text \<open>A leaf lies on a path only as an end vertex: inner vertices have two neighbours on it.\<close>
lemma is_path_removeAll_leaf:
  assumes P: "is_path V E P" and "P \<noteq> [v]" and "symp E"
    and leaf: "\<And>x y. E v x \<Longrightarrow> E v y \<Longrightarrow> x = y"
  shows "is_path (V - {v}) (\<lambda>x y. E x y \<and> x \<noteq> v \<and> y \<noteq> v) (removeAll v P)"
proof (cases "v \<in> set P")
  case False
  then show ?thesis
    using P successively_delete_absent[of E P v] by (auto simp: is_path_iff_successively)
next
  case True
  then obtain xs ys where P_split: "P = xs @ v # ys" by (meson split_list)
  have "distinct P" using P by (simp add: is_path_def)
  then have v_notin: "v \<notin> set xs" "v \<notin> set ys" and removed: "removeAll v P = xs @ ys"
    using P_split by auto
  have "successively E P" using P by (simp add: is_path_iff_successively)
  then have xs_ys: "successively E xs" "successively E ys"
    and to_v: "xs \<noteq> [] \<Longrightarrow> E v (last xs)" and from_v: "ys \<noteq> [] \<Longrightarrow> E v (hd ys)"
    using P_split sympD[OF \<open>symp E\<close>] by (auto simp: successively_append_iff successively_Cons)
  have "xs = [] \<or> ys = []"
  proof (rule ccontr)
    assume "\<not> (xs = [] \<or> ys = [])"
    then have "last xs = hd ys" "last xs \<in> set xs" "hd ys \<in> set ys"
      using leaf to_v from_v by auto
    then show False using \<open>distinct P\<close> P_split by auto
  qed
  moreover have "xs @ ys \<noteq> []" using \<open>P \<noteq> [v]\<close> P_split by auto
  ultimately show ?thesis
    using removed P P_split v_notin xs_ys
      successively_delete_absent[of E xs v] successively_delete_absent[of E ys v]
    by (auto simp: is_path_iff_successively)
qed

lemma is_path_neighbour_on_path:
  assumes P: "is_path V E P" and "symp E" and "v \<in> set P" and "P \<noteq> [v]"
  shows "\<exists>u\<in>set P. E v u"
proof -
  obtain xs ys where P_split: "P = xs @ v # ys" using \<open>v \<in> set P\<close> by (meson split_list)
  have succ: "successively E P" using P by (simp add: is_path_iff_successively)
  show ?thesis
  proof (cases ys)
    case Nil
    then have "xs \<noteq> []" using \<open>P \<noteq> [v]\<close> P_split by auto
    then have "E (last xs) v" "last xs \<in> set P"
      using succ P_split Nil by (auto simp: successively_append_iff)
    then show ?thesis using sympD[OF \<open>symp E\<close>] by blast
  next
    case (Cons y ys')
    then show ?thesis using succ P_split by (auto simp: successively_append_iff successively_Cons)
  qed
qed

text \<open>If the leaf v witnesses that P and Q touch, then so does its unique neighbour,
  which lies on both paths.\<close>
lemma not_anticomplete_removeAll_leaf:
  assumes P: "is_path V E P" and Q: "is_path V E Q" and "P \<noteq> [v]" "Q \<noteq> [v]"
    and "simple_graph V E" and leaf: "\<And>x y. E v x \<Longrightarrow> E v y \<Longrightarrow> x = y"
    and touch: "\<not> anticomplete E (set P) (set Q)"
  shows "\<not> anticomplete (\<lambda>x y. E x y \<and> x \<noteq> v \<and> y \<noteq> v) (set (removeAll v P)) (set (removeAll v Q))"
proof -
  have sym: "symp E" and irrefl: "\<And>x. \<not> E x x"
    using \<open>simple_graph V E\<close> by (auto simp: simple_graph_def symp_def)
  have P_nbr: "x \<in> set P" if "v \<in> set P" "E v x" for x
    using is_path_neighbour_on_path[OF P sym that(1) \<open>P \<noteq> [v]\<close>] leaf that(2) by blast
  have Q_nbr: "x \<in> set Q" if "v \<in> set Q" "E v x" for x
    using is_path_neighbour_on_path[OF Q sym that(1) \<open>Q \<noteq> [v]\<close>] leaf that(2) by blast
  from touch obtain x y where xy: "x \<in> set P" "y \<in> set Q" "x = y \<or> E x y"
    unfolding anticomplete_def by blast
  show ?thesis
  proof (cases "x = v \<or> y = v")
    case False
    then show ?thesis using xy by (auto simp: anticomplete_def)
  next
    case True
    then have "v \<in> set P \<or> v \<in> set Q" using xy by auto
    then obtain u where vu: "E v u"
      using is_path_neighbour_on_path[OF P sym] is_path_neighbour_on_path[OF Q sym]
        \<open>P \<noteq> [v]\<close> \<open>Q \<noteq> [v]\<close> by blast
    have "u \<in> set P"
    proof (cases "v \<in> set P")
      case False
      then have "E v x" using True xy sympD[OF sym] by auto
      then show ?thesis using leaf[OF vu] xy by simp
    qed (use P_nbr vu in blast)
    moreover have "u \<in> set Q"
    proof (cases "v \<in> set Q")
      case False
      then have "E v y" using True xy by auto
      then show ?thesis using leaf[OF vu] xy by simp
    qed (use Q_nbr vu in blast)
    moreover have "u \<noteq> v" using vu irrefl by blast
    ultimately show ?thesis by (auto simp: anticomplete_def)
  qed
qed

##############################

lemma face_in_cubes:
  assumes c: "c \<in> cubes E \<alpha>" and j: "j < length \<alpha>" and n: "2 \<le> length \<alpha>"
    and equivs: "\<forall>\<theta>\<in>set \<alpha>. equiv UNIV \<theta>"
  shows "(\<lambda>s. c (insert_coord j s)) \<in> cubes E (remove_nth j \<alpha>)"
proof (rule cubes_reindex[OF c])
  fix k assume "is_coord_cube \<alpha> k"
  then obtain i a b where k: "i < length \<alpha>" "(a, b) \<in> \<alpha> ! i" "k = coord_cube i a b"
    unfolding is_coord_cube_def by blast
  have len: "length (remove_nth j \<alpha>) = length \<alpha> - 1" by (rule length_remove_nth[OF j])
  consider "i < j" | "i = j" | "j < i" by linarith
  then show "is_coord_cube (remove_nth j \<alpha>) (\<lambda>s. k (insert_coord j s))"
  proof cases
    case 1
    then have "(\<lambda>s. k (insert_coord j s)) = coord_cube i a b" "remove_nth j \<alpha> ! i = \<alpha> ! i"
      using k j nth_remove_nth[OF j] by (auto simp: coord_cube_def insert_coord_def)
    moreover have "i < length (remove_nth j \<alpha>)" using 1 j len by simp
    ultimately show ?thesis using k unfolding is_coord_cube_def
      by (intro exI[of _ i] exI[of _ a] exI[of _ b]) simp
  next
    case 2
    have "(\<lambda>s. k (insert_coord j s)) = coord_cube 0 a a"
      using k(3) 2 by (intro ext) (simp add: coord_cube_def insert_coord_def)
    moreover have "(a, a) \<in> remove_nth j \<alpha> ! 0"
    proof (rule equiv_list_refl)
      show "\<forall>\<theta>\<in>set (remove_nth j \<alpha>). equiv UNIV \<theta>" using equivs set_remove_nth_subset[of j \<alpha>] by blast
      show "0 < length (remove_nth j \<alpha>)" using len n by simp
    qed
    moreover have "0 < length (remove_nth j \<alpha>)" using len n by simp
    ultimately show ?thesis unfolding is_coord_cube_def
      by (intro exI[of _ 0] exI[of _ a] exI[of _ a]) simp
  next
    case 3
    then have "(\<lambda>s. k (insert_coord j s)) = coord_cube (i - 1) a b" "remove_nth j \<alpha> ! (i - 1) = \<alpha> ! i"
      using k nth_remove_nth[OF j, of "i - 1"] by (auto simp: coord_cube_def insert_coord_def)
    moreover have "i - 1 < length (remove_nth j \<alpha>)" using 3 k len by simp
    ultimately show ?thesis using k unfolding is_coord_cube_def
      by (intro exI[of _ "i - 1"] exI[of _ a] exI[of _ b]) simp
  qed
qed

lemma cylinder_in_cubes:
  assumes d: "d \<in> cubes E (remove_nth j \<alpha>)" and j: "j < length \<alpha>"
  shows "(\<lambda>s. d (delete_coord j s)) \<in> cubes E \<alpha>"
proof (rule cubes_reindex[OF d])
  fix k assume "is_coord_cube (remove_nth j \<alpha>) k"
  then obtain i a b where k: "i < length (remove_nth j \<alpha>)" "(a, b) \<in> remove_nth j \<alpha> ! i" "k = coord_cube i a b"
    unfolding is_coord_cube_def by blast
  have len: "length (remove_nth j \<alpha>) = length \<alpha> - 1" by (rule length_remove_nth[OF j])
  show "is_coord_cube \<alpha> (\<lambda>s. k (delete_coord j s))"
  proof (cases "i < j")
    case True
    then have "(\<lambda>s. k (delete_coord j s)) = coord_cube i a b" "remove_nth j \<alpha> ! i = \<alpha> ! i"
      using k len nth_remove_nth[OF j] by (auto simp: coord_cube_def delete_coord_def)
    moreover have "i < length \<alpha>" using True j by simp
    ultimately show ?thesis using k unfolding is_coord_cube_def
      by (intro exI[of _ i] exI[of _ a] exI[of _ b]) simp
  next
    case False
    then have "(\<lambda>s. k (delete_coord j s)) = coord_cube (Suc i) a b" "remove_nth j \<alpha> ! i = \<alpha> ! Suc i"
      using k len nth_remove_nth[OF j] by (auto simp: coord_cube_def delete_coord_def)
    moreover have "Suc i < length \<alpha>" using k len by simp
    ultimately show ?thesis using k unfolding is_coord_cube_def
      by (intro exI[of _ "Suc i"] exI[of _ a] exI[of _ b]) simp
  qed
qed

##############################

WHAT THE TASK REQUIRES ::
All that is wanted is a faithful reproduction of the line above with "text \<open>A leaf", the line with "then obtain xs", and every line in between.

EXERCISE RESULT ::
text \<open>A leaf lies on a path only as an end vertex: inner vertices have two neighbours on it.\<close>
lemma is_path_removeAll_leaf:
  assumes P: "is_path V E P" and "P \<noteq> [v]" and "symp E"
    and leaf: "\<And>x y. E v x \<Longrightarrow> E v y \<Longrightarrow> x = y"
  shows "is_path (V - {v}) (\<lambda>x y. E x y \<and> x \<noteq> v \<and> y \<noteq> v) (removeAll v P)"
proof (cases "v \<in> set P")
  case False
  then show ?thesis
    using P successively_delete_absent[of E P v] by (auto simp: is_path_iff_successively)
next
  case True
  then obtain xs ys where P_split: "P = xs @ v # ys" by (meson split_list)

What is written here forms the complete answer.